§ **TASK DETAILS**
A line belongs in the answer if it contains "using"; copy every such line from the entries below.

[Collected data]
+ + +

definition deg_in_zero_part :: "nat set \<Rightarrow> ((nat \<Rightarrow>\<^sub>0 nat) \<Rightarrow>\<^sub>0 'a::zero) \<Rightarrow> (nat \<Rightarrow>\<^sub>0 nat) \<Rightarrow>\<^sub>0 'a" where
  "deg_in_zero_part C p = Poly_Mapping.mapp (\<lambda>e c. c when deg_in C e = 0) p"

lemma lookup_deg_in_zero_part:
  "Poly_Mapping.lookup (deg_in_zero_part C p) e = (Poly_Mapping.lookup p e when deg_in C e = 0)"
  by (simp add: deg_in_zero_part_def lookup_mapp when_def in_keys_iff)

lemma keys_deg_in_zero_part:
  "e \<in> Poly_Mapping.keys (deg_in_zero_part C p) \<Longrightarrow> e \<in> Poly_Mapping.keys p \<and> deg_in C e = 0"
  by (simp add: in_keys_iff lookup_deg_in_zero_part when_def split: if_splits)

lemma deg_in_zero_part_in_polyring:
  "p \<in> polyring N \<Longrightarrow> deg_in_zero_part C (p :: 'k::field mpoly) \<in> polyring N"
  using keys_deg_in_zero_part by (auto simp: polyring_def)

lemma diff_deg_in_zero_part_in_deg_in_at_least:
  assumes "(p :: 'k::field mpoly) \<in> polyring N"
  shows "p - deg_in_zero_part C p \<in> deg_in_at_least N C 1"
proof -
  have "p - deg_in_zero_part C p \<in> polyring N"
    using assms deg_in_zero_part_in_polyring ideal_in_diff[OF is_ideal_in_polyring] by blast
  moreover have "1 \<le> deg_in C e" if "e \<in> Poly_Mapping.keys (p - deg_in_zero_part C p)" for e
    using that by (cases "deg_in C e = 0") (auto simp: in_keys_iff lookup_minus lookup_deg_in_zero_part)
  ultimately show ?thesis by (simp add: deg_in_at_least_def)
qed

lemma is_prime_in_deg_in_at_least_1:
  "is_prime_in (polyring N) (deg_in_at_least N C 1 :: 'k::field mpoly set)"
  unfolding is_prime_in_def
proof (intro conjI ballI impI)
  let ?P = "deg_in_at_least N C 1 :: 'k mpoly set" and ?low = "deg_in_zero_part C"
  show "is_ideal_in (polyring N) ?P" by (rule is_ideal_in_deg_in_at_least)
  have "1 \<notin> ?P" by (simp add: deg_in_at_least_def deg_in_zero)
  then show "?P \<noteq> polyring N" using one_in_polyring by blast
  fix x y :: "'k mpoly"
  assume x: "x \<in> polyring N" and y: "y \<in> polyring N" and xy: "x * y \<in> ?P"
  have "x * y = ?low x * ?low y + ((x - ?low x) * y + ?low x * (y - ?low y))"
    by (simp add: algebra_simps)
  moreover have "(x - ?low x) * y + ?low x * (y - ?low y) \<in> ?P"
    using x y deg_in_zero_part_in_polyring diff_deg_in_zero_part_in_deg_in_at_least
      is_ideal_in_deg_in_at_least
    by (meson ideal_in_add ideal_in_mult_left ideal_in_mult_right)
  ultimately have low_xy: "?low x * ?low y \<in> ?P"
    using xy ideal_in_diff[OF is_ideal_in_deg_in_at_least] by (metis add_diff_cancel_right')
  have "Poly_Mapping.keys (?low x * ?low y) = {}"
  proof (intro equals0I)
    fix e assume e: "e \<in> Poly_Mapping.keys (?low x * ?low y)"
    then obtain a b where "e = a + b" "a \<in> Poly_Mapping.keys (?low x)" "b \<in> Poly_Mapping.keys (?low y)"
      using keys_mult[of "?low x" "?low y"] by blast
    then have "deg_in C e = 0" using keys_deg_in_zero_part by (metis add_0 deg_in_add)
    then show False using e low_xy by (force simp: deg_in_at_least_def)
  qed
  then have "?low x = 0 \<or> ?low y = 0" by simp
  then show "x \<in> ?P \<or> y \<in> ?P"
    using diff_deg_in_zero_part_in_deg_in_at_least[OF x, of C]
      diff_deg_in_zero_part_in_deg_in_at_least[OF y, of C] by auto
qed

+ + +

§ **WRITTEN ANSWER**
  using keys_deg_in_zero_part by (auto simp: polyring_def)
    using assms deg_in_zero_part_in_polyring ideal_in_diff[OF is_ideal_in_polyring] by blast
    using that by (cases "deg_in C e = 0") (auto simp: in_keys_iff lookup_minus lookup_deg_in_zero_part)
  then show "?P \<noteq> polyring N" using one_in_polyring by blast
    using x y deg_in_zero_part_in_polyring diff_deg_in_zero_part_in_deg_in_at_least
    using xy ideal_in_diff[OF is_ideal_in_deg_in_at_least] by (metis add_diff_cancel_right')
      using keys_mult[of "?low x" "?low y"] by blast
    then have "deg_in C e = 0" using keys_deg_in_zero_part by (metis add_0 deg_in_add)
    then show False using e low_xy by (force simp: deg_in_at_least_def)
    using diff_deg_in_zero_part_in_deg_in_at_least[OF x, of C]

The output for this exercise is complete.